Автор: Дэн Дениска.

Файл: Кнопка @.

Я вез маленький гроб для ее мертвой собачки. Она заказала его в Англии. Он помещался в большую спортивную сумку. Я поехал на поезде. Проводником в моем вагоне был странный человек. По моему глубокому убеждению, этот человек убил проводника, надел его одежду, а дальше не знал что делать. Этот человек не был мужчиной. После общения с ним я понял, что мне нравятся: б) худые бабы, которые дают; а) молчат.

Я пошел в вагон-ресторан вместе с сумкой.

Когда-то я ездил в Таллин с триппером и хором. Сейчас я ехал с гробом и с ногтями, крашенными черным лаком, в город Атырау, Казахстан. Мне нужно добраться до Астрахани, а дальше через ближайшую таможню в Казахский Прикаспий. Представляю, как охренеют казахские пограничники, когда откроют мою сумку. Они вообще на некоторые вещи реагируют не совсем стандартно. А тут карликовый гроб стоимостью пять тысяч фунтов. В придачу мои черные ногти. Ненавижу запах вот этого лака. Ногтевого. Но как объяснить это казахским таможенникам?

Ногти мне накрасила Фольга. И хоть убейте меня – это не лак. А если и лак, то почему он третий месяц ничем не смывается?

Вагон-ресторан.

Официантки страшные.

Столы грязные.

Половина посетителей нанята специально для того, чтобы портить настроение другой половине.

В вагоне-ресторане было два свободных места. На одно я определил гроб в костюме спортивной сумки, на второе сел сам и сразу заказал полстакана водки и порезанную полукольцами и жаренную в сахаре большую луковицу.

Я ненавижу лук, сахар и полукольца. Когда они отдельны друг от друга возрастом, расстоянием и полом. Я люблю их, когда они все вместе тают в оливковом масле на бескрайней сковороде. Я люблю ими закусывать ледяную, вязкую, прямо из морозилки водку. Мне двадцать восемь лет. Я так устал. Не поверите.

Я вышел в Астрахани.

Я не сдал гроб в камеры хранения. Через двадцать минут я был на рынке «Большие Исады». Через полчаса в очереди за шаурмой я познакомился с Ирочкой. Ирочка приехала из Туркмении. На таможне ее тормознули с десятью граммами гаша. Отмазалась за бабки. Сосать у туркменов не пришлось. Врёт, наверное.
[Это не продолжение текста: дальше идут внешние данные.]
(* The set $\mathbb F_{\widehat{\mathcal Q}}:=\{d\mathrm Q/d\mathrm P\mid\mathrm Q\in\widehat{\mathcal Q}\}$ is closed w.r.t. the $L^1(\Omega,\mathcal F,\mathrm P)$-norm. It is even compact w.r.t. the $L^1$-norm if $\mathcal Q$ is relatively compact w.r.t. the topology of total variation; in this case $\mathbb F_{\widehat{\mathcal Q}^e}:=\{d\mathrm Q/d\mathrm P\mid\mathrm Q\in\widehat{\mathcal Q}^e\}$ is relatively compact w.r.t. the $L^1$-norm.
   Context: $(\Omega,\mathcal F,\mathrm P)$ is a probability space and $\mathcal Q$ is a nonempty set of probability measures on $\mathcal F$, each absolutely continuous w.r.t. $\mathrm P$. $\widehat{\mathcal Q}$ is the set of all probability measures $\mathrm Q$ on $\mathcal F$ with $\mathbb E_{\mathrm Q}[X]\ge\inf_{\mathrm Q'\in\mathcal Q}\mathbb E_{\mathrm Q'}[X]$ for every $\mathrm P$-essentially bounded random variable $X$ (such $\mathrm Q$ are absolutely continuous w.r.t. $\mathrm P$), and $\widehat{\mathcal Q}^e$ is the set of members of $\widehat{\mathcal Q}$ equivalent to $\mathrm P$. The topology of total variation is induced by $d_{tv}(\mathrm Q_1,\mathrm Q_2)=\sup_{A\in\mathcal F}|\mathrm Q_1(A)-\mathrm Q_2(A)|$. *)

theory Defs
  imports "HOL-Probability.Probability"
begin

definition prob_on :: "'a measure \<Rightarrow> 'a measure \<Rightarrow> bool" where
  "prob_on M Q \<longleftrightarrow> prob_space Q \<and> sets Q = sets M"

definition ess_bounded :: "'a measure \<Rightarrow> ('a \<Rightarrow> real) \<Rightarrow> bool" where
  "ess_bounded M X \<longleftrightarrow> X \<in> borel_measurable M \<and> (\<exists>C. AE x in M. \<bar>X x\<bar> \<le> C)"

definition Qhat :: "'a measure \<Rightarrow> 'a measure set \<Rightarrow> 'a measure set" where
  "Qhat M Qs = {Q. prob_on M Q \<and>
      (\<forall>X. ess_bounded M X \<longrightarrow> integral\<^sup>L Q X \<ge> (INF Q'\<in>Qs. integral\<^sup>L Q' X))}"

definition Qhat_e :: "'a measure \<Rightarrow> 'a measure set \<Rightarrow> 'a measure set" where
  "Qhat_e M Qs = {Q \<in> Qhat M Qs. absolutely_continuous M Q \<and> absolutely_continuous Q M}"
– Что у тебя в сумке? – спросила она.

– Утром расскажу,– сказал я и опрокинул в себя полтинник коньяка.

– Так уже обед! – возмутилась она.

– Выводы? – я отрицательно покачал головой и опрокинул следующую.

– Что у тебя в сумке?

– Я очень хотел бы, чтобы в моей сумке лежала запасная печень.

Потом я ничего не помню. Помню, едем на заднем сидении легкового автомобиля, и Ирочка крепко держит меня за член. Уже ночь. Такси едет по огромному мосту. Под мост заползает огромный корабль в огнях. Потом мы в ее квартире на окраине Астрахани примеряем ее собачку в английский гроб стоимостью пять английских тысяч фунтов стерлингов. У нее оказалась собачка, у меня с собой был гроб.

Утром я сказал Ирочке, что моя фамилия Щавель.

Перед этим я выкинул ее собачку с балкона.

Еще раньше я проснулся и увидел след своих зубов на ее правой ягодице. Где-то там же я попытался сунуть в нее свой вялый член. Кажется, не получилось.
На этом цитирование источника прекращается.